### Problem to work on
Lines below that include "forall" are the answer; copy each one.

Recorded data

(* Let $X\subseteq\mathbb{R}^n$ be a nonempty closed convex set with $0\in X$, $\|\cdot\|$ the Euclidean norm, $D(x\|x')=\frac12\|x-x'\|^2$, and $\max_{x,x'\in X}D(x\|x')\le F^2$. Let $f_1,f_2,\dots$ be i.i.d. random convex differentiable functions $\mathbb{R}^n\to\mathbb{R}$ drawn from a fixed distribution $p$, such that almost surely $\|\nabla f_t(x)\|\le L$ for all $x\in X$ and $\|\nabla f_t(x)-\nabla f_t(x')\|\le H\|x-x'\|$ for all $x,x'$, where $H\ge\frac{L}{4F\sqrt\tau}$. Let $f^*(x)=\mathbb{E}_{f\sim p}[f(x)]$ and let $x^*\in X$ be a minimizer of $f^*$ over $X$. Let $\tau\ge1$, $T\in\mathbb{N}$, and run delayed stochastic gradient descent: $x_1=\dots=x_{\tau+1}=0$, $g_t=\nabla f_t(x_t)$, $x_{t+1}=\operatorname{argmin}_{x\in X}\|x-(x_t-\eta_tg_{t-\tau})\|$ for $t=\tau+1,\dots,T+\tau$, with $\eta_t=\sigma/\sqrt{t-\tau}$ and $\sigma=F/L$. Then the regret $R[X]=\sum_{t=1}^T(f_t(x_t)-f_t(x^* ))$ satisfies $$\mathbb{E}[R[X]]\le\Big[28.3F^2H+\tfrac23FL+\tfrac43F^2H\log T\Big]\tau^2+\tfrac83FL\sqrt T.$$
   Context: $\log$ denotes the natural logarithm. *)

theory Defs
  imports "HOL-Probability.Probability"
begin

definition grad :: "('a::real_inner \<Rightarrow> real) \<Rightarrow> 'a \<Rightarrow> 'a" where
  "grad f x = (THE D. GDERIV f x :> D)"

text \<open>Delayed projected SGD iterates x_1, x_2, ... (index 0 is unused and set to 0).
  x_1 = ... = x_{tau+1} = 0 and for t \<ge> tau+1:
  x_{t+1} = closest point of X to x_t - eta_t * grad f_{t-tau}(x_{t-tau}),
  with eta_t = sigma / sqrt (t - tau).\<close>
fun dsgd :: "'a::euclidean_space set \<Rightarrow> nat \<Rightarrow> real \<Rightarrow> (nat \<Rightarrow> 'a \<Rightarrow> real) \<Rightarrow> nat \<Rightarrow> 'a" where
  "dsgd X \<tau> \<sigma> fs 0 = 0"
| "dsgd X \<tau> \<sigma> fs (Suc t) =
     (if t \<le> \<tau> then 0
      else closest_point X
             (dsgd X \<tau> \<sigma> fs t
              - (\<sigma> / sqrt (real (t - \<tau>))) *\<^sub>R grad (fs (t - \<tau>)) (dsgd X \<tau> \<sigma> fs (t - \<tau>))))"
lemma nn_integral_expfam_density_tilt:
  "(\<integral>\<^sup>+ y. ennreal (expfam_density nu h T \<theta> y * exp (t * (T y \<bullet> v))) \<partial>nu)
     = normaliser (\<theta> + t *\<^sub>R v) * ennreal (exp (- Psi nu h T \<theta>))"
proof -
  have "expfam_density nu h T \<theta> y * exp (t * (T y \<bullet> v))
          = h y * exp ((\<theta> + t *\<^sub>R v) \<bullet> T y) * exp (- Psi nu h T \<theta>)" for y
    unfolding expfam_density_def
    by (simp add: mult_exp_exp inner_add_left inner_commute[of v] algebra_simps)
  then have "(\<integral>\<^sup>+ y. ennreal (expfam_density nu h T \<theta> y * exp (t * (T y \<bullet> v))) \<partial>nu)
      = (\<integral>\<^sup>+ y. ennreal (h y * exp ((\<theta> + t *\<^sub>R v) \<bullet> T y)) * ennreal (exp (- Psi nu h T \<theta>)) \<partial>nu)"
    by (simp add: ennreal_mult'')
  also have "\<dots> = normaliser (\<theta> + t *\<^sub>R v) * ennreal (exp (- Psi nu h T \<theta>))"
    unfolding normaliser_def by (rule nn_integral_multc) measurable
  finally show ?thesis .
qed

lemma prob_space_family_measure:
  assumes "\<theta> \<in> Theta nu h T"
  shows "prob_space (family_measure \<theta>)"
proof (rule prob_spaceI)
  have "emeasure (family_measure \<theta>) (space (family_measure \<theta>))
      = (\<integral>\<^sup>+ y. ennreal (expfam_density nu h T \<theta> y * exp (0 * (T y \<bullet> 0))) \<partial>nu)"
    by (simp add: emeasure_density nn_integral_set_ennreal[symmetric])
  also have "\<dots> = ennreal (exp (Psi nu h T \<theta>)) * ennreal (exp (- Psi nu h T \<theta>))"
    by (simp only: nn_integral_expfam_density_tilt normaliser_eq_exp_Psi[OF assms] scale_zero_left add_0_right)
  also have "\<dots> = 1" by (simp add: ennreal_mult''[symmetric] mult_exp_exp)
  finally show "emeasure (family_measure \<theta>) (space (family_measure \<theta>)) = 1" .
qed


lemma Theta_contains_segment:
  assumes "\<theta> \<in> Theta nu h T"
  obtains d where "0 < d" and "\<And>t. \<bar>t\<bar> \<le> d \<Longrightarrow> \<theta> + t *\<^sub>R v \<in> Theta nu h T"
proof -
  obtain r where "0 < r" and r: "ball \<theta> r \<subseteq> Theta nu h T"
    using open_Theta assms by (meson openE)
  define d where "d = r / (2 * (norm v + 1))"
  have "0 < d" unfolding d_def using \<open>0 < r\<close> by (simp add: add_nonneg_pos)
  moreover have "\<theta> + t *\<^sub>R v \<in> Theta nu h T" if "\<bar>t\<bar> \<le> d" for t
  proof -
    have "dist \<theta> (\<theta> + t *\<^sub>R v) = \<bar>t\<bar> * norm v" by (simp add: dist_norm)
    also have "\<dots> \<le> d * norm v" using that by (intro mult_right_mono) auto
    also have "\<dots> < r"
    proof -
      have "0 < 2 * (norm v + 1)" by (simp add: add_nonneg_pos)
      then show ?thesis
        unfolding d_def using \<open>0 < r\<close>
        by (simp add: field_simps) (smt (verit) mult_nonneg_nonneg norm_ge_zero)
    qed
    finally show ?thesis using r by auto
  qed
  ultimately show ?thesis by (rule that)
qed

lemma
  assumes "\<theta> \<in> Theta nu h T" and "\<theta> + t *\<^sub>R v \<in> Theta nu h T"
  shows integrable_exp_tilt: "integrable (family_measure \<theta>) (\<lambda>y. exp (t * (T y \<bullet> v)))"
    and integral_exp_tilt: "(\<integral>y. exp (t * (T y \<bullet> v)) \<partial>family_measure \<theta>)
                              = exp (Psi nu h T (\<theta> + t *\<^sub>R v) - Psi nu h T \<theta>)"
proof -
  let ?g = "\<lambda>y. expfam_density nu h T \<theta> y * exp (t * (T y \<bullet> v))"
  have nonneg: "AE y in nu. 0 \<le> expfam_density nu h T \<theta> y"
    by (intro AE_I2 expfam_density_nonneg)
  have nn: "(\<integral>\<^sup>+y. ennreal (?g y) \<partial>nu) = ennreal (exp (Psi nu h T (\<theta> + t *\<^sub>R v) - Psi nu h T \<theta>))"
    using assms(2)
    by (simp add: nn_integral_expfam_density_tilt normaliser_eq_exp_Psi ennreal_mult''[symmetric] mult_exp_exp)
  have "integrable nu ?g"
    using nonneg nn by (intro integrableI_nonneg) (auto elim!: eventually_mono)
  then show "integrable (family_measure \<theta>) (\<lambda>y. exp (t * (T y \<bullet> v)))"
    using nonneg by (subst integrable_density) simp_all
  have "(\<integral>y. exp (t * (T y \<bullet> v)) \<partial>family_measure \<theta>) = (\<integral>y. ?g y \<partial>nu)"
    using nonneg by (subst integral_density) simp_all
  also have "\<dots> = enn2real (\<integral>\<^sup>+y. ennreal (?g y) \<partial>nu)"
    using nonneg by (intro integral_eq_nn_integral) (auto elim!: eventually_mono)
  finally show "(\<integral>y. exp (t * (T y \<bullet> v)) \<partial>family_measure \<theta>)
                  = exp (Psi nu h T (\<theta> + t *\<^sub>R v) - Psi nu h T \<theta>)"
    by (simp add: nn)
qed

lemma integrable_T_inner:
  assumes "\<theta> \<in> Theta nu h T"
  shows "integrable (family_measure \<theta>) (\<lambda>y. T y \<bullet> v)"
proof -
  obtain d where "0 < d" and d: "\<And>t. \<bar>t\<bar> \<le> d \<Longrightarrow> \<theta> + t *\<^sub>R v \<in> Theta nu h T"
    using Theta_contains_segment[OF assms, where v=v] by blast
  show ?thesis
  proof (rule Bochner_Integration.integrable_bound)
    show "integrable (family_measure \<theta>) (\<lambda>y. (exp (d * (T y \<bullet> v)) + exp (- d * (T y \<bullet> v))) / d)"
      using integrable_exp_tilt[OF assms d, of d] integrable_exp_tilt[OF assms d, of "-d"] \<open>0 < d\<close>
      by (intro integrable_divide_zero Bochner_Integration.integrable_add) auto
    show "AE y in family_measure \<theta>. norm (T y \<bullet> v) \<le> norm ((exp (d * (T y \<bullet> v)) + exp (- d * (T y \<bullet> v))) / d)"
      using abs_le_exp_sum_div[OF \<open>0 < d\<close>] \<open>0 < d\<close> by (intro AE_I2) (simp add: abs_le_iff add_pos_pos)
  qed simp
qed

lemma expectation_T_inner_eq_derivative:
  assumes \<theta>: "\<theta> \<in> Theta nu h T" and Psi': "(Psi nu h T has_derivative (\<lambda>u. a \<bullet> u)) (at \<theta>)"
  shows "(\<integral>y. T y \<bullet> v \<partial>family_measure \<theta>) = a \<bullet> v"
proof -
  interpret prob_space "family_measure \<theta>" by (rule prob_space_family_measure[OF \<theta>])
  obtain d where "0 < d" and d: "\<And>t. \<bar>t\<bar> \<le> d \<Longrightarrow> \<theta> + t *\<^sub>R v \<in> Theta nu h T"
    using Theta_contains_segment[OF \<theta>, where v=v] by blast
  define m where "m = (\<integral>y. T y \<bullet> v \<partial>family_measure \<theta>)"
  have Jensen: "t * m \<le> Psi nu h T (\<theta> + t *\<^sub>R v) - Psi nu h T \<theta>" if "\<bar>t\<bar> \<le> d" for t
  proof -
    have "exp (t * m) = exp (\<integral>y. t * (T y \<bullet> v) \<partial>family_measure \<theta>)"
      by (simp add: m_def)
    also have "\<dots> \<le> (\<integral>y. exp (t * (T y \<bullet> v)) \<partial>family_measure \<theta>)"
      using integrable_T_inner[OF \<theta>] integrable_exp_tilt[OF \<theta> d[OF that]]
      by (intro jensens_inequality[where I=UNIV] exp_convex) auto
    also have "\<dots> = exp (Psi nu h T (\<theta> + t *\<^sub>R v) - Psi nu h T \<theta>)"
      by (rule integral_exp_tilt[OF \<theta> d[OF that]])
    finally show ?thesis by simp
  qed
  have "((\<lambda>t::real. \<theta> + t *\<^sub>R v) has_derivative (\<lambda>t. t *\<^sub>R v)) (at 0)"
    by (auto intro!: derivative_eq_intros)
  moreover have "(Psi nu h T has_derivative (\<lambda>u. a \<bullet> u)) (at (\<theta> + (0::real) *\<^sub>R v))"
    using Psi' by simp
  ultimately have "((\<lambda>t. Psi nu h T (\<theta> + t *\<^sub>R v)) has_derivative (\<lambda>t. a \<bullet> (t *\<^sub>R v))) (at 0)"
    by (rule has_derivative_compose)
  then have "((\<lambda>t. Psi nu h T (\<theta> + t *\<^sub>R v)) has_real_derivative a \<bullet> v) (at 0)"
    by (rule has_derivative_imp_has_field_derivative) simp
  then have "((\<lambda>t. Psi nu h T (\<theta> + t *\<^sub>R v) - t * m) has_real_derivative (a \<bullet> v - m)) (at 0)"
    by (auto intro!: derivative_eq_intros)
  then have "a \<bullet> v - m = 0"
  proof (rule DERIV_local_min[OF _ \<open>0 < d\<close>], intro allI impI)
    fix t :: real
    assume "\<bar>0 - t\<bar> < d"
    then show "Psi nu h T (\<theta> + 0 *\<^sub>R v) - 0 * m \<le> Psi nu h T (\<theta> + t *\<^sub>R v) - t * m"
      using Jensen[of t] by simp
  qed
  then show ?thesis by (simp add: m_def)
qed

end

==

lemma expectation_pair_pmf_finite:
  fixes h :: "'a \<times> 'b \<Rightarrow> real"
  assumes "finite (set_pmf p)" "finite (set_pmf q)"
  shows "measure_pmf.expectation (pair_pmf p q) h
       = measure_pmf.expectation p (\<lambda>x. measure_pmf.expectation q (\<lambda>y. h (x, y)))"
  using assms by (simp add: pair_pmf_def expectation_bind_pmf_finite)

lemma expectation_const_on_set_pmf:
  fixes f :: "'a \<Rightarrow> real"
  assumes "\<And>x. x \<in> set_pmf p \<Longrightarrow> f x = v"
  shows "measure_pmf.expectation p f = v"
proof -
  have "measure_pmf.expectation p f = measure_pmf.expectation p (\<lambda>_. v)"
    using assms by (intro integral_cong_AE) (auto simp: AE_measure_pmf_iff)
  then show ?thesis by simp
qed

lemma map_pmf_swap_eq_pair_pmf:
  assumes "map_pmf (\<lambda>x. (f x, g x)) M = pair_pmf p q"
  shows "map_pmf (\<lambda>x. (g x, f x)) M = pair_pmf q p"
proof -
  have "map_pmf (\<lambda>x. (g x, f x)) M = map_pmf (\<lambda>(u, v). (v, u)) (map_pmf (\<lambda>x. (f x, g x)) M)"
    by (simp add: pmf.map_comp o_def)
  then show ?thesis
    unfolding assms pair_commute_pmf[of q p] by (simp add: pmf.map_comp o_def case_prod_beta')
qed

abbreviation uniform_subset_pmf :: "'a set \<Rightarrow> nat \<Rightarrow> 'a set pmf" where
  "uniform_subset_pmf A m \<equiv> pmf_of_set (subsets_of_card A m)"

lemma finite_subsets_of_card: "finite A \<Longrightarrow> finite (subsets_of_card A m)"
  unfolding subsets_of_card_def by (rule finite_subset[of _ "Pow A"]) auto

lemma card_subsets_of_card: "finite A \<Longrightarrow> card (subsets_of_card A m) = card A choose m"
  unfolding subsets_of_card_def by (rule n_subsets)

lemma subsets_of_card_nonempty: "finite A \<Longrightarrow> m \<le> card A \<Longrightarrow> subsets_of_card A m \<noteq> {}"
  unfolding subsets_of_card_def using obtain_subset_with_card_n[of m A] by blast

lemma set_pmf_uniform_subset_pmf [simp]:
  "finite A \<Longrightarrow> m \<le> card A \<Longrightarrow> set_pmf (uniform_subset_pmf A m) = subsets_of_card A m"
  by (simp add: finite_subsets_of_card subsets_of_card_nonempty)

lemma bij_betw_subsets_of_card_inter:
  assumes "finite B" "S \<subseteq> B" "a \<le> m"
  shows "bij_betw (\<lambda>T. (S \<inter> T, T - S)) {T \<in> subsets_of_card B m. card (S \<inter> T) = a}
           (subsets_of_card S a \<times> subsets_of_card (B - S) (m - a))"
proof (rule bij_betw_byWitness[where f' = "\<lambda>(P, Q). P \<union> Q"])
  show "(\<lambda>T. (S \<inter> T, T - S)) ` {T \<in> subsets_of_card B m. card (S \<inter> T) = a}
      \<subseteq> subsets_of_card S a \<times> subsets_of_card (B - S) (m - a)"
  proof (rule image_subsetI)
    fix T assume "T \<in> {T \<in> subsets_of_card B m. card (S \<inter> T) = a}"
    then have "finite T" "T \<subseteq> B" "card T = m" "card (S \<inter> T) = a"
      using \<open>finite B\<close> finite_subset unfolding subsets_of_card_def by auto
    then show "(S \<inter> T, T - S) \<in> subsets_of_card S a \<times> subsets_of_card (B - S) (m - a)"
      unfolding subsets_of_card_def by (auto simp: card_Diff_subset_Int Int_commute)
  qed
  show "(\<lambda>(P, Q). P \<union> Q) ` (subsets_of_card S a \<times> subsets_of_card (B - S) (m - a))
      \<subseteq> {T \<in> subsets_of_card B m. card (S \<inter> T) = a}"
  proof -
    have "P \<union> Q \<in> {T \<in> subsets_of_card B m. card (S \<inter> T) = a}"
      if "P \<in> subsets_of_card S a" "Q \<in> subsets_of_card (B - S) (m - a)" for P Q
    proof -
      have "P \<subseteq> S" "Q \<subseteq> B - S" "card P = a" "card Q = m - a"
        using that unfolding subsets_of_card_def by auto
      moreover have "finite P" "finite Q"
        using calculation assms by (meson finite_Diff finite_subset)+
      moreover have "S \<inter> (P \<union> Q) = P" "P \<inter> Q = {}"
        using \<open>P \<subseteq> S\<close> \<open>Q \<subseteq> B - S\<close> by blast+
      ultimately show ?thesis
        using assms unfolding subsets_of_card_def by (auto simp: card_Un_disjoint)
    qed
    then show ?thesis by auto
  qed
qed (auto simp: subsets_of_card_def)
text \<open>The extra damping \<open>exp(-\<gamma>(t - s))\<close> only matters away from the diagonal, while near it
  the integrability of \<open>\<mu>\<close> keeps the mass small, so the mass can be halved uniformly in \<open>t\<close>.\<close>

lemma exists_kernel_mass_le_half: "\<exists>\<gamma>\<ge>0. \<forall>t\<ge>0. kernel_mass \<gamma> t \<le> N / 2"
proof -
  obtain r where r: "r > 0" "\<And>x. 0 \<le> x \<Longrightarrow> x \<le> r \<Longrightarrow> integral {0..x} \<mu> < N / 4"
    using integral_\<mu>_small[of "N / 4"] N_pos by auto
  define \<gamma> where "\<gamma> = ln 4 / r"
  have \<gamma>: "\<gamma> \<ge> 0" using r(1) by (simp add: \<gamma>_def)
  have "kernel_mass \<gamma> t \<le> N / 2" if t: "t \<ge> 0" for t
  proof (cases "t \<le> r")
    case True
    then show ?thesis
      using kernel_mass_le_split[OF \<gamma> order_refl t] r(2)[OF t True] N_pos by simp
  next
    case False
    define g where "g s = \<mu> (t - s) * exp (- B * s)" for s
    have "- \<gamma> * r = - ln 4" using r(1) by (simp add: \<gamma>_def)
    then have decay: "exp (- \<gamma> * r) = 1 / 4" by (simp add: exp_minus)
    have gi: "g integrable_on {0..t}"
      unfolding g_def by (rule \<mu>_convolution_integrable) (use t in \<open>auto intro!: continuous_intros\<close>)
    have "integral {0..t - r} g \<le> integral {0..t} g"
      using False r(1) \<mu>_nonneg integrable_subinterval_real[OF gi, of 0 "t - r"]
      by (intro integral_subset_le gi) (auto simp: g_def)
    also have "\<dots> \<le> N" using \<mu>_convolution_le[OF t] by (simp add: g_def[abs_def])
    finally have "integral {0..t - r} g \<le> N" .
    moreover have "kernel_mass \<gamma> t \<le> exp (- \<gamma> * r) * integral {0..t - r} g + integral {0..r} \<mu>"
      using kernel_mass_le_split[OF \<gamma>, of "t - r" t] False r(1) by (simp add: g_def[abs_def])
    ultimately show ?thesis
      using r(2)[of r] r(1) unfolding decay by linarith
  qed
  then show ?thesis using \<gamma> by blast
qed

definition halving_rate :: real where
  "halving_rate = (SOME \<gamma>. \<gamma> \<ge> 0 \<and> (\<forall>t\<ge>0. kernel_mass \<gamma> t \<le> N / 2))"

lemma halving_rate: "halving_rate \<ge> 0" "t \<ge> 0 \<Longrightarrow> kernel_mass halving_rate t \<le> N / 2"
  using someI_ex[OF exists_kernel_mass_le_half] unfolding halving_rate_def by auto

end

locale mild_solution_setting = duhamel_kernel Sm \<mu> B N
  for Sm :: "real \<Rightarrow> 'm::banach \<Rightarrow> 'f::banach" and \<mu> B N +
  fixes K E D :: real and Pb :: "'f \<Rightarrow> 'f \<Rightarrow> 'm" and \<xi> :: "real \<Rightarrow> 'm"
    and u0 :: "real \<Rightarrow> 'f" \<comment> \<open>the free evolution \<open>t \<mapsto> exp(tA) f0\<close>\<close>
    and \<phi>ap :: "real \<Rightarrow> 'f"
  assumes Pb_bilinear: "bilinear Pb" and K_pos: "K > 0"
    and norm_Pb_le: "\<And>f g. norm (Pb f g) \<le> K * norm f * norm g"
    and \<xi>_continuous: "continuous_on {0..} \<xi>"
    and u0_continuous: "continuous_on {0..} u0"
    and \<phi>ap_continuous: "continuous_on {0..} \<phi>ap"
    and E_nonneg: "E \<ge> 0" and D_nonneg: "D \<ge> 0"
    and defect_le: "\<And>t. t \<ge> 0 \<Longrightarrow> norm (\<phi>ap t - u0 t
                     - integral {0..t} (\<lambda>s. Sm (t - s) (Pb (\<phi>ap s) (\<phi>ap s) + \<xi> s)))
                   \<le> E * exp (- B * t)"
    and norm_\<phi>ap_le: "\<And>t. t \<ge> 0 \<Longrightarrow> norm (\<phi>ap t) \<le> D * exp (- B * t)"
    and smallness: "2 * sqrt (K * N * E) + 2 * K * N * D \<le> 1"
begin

### Output of the exercise
lemma exists_kernel_mass_le_half: "\<exists>\<gamma>\<ge>0. \<forall>t\<ge>0. kernel_mass \<gamma> t \<le> N / 2"
  "halving_rate = (SOME \<gamma>. \<gamma> \<ge> 0 \<and> (\<forall>t\<ge>0. kernel_mass \<gamma> t \<le> N / 2))"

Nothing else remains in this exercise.